Для подкрепления доводов Бакланова и Шенина в разговор включился Валерий Иванович Болдин. Будучи человеком вежливым и культурным, он начал было говорить, как принято в нашем обществе, но Горбачев буквально перешел на лай и фактически не дал ему говорить».
…Мое итоговое суждение было таким: «Возвращайтесь и доложите мою точку зрения. И передайте, что если возникла такая ситуация, то немедленно надо собирать Верховный Совет или съезд». Они поняли, что задуманное не проходит. Стали прощаться. Я повторил: «Уезжайте и доложите немедленно мою точку зрения».
Горбачев протянул руку, скорее всего, чисто автоматически. О том, что президент находился в шоке, свидетельствуют, в частности, записи, сделанные им во время разговора. В коротеньком списке членов ГКЧП, продиктованном Баклановым, Горбачев сделал несколько ошибок. В частности, вместо «Пуго» написал «Буго»…
Болдин, подобно утопающему, хватающемуся за соломинку, будет настаивать на допросе, что Горбачев в сердцах бросил: «Черт с вами, действуйте!». Это станут утверждать и другие, столь же дружно «забывая», что президент следом добавил: «…но после этого нам уже вместе не работать».
То, что прощальная фраза звучала именно так, генерал Варенников, которого трудно заподозрить в симпатиях к Горбачеву, засвидетельствовал не только на допросе, но и в мемуарах: «Пожимая нам руки, Горбачев, как бы между прочим, сказал: “Теперь, после таких объяснений, нам, очевидно, не придется вместе работать”».
Важно знать отношение и Раисы Максимовны к происходившему.
Горбачевы были дружной и любящей парой. Михаил Сергеевич очень внимательно относился к советам супруги, поскольку видел в ней не просто умную женщину, но и достаточно квалифицированного политика. Он привлекал ее к работе над своими докладами, статьями, книгами, обсуждал с ней все государственные дела и гордился тем, что она, в отличие от жен всех предыдущих генсеков, активно и открыто занимается общественно-политической деятельностью.
Это было непривычно и многих раздражало. Но все в окружении Горбачева знали, что по-другому не будет. В. Болдин написал в мемуарах: «Становилось все более очевидным, что супруга генсека — это не просто его советник или вариация теневого кабинета. Нет, это была самостоятельная политическая фигура, которая не только в зарубежных поездках, но и у себя дома занимала сильные позиции, потеснив многих лидеров партии и государства. И с этим не считаться было нельзя…»

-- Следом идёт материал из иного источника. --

section \<open>The spectral theorem for real symmetric matrices\<close>

lemma conjugate_mult_mat_vec_of_real:
  fixes A :: "real mat" and v :: "complex vec"
  assumes "A \<in> carrier_mat N N" "v \<in> carrier_vec N"
  shows "conjugate (map_mat complex_of_real A *\<^sub>v v) = map_mat complex_of_real A *\<^sub>v conjugate v"
proof (rule eq_vecI)
  fix i assume "i < dim_vec (map_mat complex_of_real A *\<^sub>v conjugate v)"
  then have i: "i < N" using assms by simp
  have "conjugate (row (map_mat complex_of_real A) i) = row (map_mat complex_of_real A) i"
    using assms i by (intro eq_vecI) simp_all
  then show "conjugate (map_mat complex_of_real A *\<^sub>v v) $ i = (map_mat complex_of_real A *\<^sub>v conjugate v) $ i"
    using assms i conjugate_sprod_vec[of "row (map_mat complex_of_real A) i" N v] by simp
qed (use assms in simp)

lemma real_symmetric_eigenvalue_real:
  fixes A :: "real mat"
  assumes A: "A \<in> carrier_mat N N" and sym: "transpose_mat A = A"
    and ev: "eigenvector (map_mat complex_of_real A) v z"
  shows "z \<in> \<real>"
proof -
  let ?A = "map_mat complex_of_real A"
  have v: "v \<in> carrier_vec N" "v \<noteq> 0\<^sub>v N" and Av: "?A *\<^sub>v v = z \<cdot>\<^sub>v v"
    using ev A unfolding eigenvector_def by auto
  have "z * (v \<bullet>c v) = (?A *\<^sub>v v) \<bullet>c v"
    using v Av by (simp add: smult_scalar_prod_distrib[of _ N])
  also have "\<dots> = (transpose_mat ?A *\<^sub>v v) \<bullet> conjugate v"
    using sym by (simp add: map_mat_transpose)
  also have "\<dots> = v \<bullet> (?A *\<^sub>v conjugate v)"
    using A v by (intro transpose_vec_mult_scalar[of _ N N]) simp_all
  also have "\<dots> = v \<bullet>c (?A *\<^sub>v v)"
    using A v by (simp add: conjugate_mult_mat_vec_of_real)
  also have "\<dots> = cnj z * (v \<bullet>c v)"
    using v Av by (simp add: conjugate_smult_vec scalar_prod_smult_distrib[of _ N])
  finally have "z * (v \<bullet>c v) = cnj z * (v \<bullet>c v)" .
  moreover have "v \<bullet>c v \<noteq> 0"
    using v by simp
  ultimately show ?thesis
    by (simp add: Reals_cnj_iff)
qed

lemma real_symmetric_has_eigenvector:
  fixes A :: "real mat"
  assumes A: "A \<in> carrier_mat N N" and sym: "transpose_mat A = A" and N: "0 < N"
  shows "\<exists>r v. eigenvector A v r"
proof -
  let ?A = "map_mat complex_of_real A"
  have A': "?A \<in> carrier_mat N N" using A by simp
  have "degree (char_poly ?A) = N"
    using degree_monic_char_poly[OF A'] by simp
  then obtain z where "poly (char_poly ?A) z = 0"
    using N fundamental_theorem_of_algebra by (metis constant_degree neq0_conv)
  then have "eigenvalue ?A z"
    using eigenvalue_root_char_poly[OF A'] by simp
  then obtain v where "eigenvector ?A v z"
    unfolding eigenvalue_def by blast
  then have z: "z = of_real (Re z)"
    using real_symmetric_eigenvalue_real[OF A sym] by (simp add: complex_is_Real_iff complex_eq_iff)
  have "poly (map_poly complex_of_real (char_poly A)) z = 0"
    using \<open>poly (char_poly ?A) z = 0\<close> of_real_hom.char_poly_hom[OF A] by metis
  then have "poly (char_poly A) (Re z) = 0"
    by (subst (asm) z) (simp add: of_real_hom.poly_map_poly)
  then have "eigenvalue A (Re z)"
    using eigenvalue_root_char_poly[OF A] by simp
  then show ?thesis
    unfolding eigenvalue_def by blast
qed

lemma unit_eigenvector:
  fixes A :: "real mat"
  assumes A: "A \<in> carrier_mat N N" and ev: "eigenvector A u r"
  shows "\<exists>v. v \<in> carrier_vec N \<and> v \<bullet> v = 1 \<and> A *\<^sub>v v = r \<cdot>\<^sub>v v"
proof -
  have u: "u \<in> carrier_vec N" "u \<noteq> 0\<^sub>v N" and Au: "A *\<^sub>v u = r \<cdot>\<^sub>v u"
    using ev A unfolding eigenvector_def by auto
  have pos: "0 < u \<bullet> u"
    using conjugate_square_greater_0_vec[OF u(1)] u(2) by simp
  define v where "v = (1 / sqrt (u \<bullet> u)) \<cdot>\<^sub>v u"
  have "v \<bullet> v = (1 / sqrt (u \<bullet> u))\<^sup>2 * (u \<bullet> u)"
    unfolding v_def using u(1)
    by (simp add: smult_scalar_prod_distrib[of _ N] scalar_prod_smult_distrib[of _ N] power2_eq_square)
  also have "\<dots> = 1"
    using pos by (simp add: power_divide)
  finally have "v \<bullet> v = 1" .
  moreover have "A *\<^sub>v v = r \<cdot>\<^sub>v v"
    unfolding v_def using A u(1) Au by (simp add: mult_mat_vec[of _ N N] smult_smult_assoc mult.commute)
  moreover have "v \<in> carrier_vec N"
    unfolding v_def using u(1) by simp
  ultimately show ?thesis by blast
qed

lemma sum_delta_mult:
  fixes f :: "nat \<Rightarrow> real"
  shows "i < N \<Longrightarrow> (\<Sum>k<N. (if k = i then 1 else 0) * f k) = f i"
  by (simp add: if_distrib[of "\<lambda>x. x * _"] cong: if_cong)

definition householder :: "nat \<Rightarrow> real \<Rightarrow> (nat \<Rightarrow> real) \<Rightarrow> real mat" where
  "householder N c w = mat N N (\<lambda>(i, j). (if i = j then 1 else 0) - c * w i * w j)"

lemma householder_orth:
  assumes c: "c * c * (\<Sum>k<N. (w k)\<^sup>2) = 2 * c"
  shows "orth_mat N (householder N c w)"
proof -
  let ?H = "householder N c w"
  have "transpose_mat ?H * ?H = 1\<^sub>m N"
  proof (rule eq_matI)
    fix i j assume "i < dim_row (1\<^sub>m N)" "j < dim_col (1\<^sub>m N)"
    then have i: "i < N" and j: "j < N" by simp_all
    have "(transpose_mat ?H * ?H) $$ (i, j) = (\<Sum>k<N. ((if k = i then 1 else 0) - c * w k * w i) *
        ((if k = j then 1 else 0) - c * w k * w j))"
      using i j unfolding householder_def by (simp add: scalar_prod_def lessThan_atLeast0)
    also have "\<dots> = (\<Sum>k<N. (if k = i then 1 else 0) * (if k = j then 1 else 0))
        - c * w j * (\<Sum>k<N. (if k = i then 1 else 0) * w k)
        - c * w i * (\<Sum>k<N. (if k = j then 1 else 0) * w k) + c * c * w i * w j * (\<Sum>k<N. (w k)\<^sup>2)"
      by (simp add: algebra_simps sum.distrib sum_subtractf sum_distrib_left power2_eq_square)
    also have "\<dots> = (if i = j then 1 else 0) - 2 * c * w i * w j + c * c * (\<Sum>k<N. (w k)\<^sup>2) * w i * w j"
      using i j by (simp add: sum_delta_mult)
    also have "\<dots> = 1\<^sub>m N $$ (i, j)"
      using i j by (simp add: c)
    finally show "(transpose_mat ?H * ?H) $$ (i, j) = 1\<^sub>m N $$ (i, j)" .
  qed (simp_all add: householder_def)
  then show ?thesis
    unfolding orth_mat_def householder_def by simp
qed

lemma orth_mat_with_first_col:
  fixes v :: "real vec"
  assumes v: "v \<in> carrier_vec N" and unit: "v \<bullet> v = 1" and N: "0 < N"
  shows "\<exists>H. orth_mat N H \<and> col H 0 = v"
proof -
  \<comment> \<open>The reflection in the hyperplane orthogonal to w = v - e_0 maps e_0 to v.\<close>
  define w where "w i = v $ i - (if i = 0 then 1 else 0)" for i
  define \<sigma> where "\<sigma> = (\<Sum>k<N. (w k)\<^sup>2)"
  define c where "c = 2 / \<sigma>"
  have \<sigma>: "\<sigma> = - 2 * w 0"
  proof -
    have "(\<Sum>k<N. (v $ k)\<^sup>2) = 1"
      using unit v by (simp add: scalar_prod_def lessThan_atLeast0 power2_eq_square)
    moreover have "\<sigma> = (\<Sum>k<N. (v $ k)\<^sup>2) - 2 * (\<Sum>k<N. (if k = 0 then 1 else 0) * v $ k)
        + (\<Sum>k<N. (if k = 0 then 1 else 0) * (if k = 0 then 1 else (0::real)))"
      unfolding \<sigma>_def w_def
      by (simp add: power2_eq_square algebra_simps sum.distrib sum_subtractf sum_distrib_left)
    ultimately show ?thesis
      using N by (simp add: sum_delta_mult w_def)
  qed
  \<comment> \<open>If \<sigma> = 0 then w = 0, and the junk value c = 2 / 0 = 0 makes the reflection the identity.\<close>
  have "c * c * \<sigma> = 2 * c"
    unfolding c_def by (cases "\<sigma> = 0") (simp_all add: field_simps)
  then have "orth_mat N (householder N c w)"
    unfolding \<sigma>_def by (rule householder_orth)
  moreover have "c * w 0 * w i = - w i" if "i < N" for i
  proof (cases "\<sigma> = 0")
    case True
    then have "w i = 0"
      using that unfolding \<sigma>_def by (simp add: sum_nonneg_eq_0_iff)
    then show ?thesis by simp
  next
    case False
    then show ?thesis
      unfolding c_def using \<sigma> by (simp add: field_simps)
  qed
  then have "col (householder N c w) 0 = v"
    using N v by (intro eq_vecI) (auto simp: householder_def w_def algebra_simps)
  ultimately show ?thesis
    by blast
qed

Как только визитеры прошли к президенту, Раиса Максимовна покинула веранду и села в кресло, расположенное в холле у входа в кабинет. С нею были и остальные взрослые члены семьи.
Понимая, что все очень серьезно и это может вылиться в еще более серьезное, — у меня даже была мысль, что его (Горбачева —
Первым (после переговоров) шел Варенников… Он вышел, на нас не обратил внимание. Пошел по лестнице со второго этажа. Вторым шел Болдин. Ко мне подошли Бакланов и Шенин и сказали: «Здравствуйте». Бакланов протянул мне руку, Шенин тоже сделал попытку, но я на их «здравствуйте» не ответила, руки им не подала и не встала.
Раиса Максимовна Горбачева в своих показаниях правдива. В этом убеждают свидетельства представителей противной стороны, в том числе и Валентина Варенникова:
«Я обратил внимание, что слева, в стороне от моего движения, сидела в кресле Раиса Максимовна в окружении детей. Естественно, я на ходу слегка поклонился и пошел к выходу. Мои товарищи подошли к жене Горбачева. Видно, были близко знакомы, особенно Валерий Иванович Болдин. Однако они меня не заставили долго ждать — видимо, разговор с супругой генсека-президента не получился».
Минут через сорок четверка вернулась. По внешнему виду вернувшихся можно было понять, что разговор с президентом состоялся не в том ключе, как они хотели. Особенно это было видно по состоянию Болдина и Шенина. Они очень нервничали.
Болдин и сам проговорился в мемуарах, приведя в них первые после встречи с президентом слова Олега Бакланова: «Но ведь еще недавно он считал введение чрезвычайного положения единственным выходом». Подтверждением предельно внятной реакции президента на ультиматум можно считать и тот факт, что парламентеры так и не решились предъявить ему на подпись загодя изготовленное заявление об отречении от власти.